Start of Input data

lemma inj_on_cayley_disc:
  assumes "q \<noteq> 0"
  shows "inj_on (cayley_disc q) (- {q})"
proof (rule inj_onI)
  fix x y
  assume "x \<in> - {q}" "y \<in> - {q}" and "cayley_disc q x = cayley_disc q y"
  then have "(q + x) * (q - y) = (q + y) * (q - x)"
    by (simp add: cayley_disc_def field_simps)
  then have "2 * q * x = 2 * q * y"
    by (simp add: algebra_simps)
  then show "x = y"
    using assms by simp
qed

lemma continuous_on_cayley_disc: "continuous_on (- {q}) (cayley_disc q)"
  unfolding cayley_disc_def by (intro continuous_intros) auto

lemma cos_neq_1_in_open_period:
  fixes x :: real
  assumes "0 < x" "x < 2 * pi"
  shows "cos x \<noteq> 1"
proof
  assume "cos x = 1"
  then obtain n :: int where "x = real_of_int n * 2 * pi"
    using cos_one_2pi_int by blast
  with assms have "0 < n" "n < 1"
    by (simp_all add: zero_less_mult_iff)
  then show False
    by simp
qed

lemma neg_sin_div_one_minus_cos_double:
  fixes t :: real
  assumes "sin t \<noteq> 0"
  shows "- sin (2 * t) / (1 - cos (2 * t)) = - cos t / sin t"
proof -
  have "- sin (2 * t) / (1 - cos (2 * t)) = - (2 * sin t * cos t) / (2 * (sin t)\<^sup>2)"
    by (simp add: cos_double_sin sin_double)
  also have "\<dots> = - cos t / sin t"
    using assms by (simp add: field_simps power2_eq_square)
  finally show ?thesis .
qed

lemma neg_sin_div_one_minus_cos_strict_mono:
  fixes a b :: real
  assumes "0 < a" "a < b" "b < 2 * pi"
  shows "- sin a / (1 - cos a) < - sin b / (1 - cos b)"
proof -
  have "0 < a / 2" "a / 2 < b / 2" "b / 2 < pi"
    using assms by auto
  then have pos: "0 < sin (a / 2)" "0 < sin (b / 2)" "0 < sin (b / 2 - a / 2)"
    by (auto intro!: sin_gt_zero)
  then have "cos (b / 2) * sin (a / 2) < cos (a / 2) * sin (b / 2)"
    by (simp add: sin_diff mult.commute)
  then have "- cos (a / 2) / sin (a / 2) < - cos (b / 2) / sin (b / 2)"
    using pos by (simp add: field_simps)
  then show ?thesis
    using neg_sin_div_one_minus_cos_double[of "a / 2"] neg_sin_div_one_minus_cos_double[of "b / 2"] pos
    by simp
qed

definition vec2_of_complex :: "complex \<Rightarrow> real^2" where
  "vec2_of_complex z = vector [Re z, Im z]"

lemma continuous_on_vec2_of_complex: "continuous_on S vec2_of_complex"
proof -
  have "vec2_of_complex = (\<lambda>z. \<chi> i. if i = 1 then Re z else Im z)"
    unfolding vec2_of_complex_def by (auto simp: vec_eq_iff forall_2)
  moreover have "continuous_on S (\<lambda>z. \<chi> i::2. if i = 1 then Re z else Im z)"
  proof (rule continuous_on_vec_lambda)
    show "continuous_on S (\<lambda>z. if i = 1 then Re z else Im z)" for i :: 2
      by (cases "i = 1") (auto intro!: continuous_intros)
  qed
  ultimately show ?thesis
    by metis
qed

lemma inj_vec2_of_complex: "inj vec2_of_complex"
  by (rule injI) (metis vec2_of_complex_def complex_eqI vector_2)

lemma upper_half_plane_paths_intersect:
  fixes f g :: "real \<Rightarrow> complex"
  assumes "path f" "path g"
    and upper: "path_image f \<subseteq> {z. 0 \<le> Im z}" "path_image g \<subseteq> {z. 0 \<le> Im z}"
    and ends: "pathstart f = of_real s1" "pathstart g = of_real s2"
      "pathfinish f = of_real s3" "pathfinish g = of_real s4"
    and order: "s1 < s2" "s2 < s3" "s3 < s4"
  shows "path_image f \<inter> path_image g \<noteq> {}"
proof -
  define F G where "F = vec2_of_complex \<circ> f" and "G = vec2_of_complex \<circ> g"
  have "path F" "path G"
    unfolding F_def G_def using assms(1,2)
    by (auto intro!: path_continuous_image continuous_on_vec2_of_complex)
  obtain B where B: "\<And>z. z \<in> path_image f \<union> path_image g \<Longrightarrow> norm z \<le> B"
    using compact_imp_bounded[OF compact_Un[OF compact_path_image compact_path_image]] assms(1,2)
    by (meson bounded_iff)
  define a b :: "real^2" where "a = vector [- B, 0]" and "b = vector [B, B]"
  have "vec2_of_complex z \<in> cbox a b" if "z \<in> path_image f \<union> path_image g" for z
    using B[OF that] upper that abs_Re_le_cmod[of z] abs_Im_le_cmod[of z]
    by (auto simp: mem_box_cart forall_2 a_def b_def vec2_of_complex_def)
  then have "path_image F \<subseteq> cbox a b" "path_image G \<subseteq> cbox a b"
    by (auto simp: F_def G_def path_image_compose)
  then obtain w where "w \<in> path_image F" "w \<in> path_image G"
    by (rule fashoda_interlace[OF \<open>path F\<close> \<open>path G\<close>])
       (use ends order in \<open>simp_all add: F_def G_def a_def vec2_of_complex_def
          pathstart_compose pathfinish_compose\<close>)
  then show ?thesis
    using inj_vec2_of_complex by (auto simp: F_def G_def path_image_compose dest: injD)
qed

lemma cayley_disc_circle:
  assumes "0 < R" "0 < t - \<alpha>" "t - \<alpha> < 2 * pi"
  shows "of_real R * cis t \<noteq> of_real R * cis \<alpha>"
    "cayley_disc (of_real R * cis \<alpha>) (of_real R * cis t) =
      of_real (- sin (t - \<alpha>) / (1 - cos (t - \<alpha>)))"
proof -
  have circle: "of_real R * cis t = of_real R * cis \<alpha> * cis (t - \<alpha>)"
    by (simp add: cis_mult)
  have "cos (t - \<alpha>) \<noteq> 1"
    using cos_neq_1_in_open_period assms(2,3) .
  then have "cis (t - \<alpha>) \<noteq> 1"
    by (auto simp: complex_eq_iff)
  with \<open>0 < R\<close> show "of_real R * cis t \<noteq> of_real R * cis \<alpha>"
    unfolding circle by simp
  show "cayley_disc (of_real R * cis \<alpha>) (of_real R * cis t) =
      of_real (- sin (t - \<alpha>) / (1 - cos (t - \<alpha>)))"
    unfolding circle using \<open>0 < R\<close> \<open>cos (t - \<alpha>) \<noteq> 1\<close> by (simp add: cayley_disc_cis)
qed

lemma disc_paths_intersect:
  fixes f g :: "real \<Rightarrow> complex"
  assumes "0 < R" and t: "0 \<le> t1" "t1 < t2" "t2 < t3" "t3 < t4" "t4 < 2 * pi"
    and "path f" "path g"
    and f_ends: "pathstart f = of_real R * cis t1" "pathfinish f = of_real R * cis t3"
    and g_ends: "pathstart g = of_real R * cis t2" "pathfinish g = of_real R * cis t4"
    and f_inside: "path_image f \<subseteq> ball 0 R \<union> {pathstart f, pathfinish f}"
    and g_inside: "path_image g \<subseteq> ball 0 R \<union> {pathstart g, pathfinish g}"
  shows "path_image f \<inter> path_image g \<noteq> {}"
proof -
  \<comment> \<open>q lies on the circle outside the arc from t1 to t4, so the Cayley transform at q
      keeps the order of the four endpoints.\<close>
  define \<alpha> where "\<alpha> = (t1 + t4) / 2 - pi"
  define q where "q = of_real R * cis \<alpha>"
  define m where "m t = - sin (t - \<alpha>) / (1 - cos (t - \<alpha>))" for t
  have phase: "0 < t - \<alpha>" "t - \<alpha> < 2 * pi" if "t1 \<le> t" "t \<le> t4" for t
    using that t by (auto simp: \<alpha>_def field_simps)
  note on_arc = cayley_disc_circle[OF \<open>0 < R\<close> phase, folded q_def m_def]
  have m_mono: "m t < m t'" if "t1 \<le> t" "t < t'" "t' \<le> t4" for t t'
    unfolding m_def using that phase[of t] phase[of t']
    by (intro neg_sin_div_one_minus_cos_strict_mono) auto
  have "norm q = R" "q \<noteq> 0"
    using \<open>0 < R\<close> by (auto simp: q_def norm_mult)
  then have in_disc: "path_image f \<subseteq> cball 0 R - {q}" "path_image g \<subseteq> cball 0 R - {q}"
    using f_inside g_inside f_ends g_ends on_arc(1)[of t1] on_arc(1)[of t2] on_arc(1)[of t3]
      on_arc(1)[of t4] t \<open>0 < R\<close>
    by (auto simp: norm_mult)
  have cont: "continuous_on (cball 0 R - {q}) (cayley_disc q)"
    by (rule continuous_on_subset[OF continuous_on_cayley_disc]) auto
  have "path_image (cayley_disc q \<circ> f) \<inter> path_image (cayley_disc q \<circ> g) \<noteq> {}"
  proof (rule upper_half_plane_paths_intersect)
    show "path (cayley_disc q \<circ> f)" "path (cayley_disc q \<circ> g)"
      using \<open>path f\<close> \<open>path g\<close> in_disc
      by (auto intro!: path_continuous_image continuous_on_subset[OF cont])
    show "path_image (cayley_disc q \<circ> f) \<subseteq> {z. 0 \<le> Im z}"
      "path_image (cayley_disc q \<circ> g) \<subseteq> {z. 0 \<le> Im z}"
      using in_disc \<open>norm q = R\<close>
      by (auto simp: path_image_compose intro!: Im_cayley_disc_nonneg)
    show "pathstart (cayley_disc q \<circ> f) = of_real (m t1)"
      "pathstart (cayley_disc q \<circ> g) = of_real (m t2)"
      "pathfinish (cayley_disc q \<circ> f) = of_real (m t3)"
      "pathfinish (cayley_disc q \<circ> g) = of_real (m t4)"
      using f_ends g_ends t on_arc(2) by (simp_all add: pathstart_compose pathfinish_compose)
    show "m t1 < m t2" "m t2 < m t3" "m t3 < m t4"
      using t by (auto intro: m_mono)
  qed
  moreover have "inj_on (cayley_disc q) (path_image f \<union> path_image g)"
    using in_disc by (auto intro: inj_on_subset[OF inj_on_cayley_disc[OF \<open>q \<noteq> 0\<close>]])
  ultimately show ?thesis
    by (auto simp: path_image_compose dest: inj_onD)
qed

End of Input data

Transcribe exactly the lines from the one containing "using in_disc \<open>norm q = R\<close>" through the end of the records, both included, and nothing else.

      using in_disc \<open>norm q = R\<close>
      by (auto simp: path_image_compose intro!: Im_cayley_disc_nonneg)
    show "pathstart (cayley_disc q \<circ> f) = of_real (m t1)"
      "pathstart (cayley_disc q \<circ> g) = of_real (m t2)"
      "pathfinish (cayley_disc q \<circ> f) = of_real (m t3)"
      "pathfinish (cayley_disc q \<circ> g) = of_real (m t4)"
      using f_ends g_ends t on_arc(2) by (simp_all add: pathstart_compose pathfinish_compose)
    show "m t1 < m t2" "m t2 < m t3" "m t3 < m t4"
      using t by (auto intro: m_mono)
  qed
  moreover have "inj_on (cayley_disc q) (path_image f \<union> path_image g)"
    using in_disc by (auto intro: inj_on_subset[OF inj_on_cayley_disc[OF \<open>q \<noteq> 0\<close>]])
  ultimately show ?thesis
    by (auto simp: path_image_compose dest: inj_onD)
qed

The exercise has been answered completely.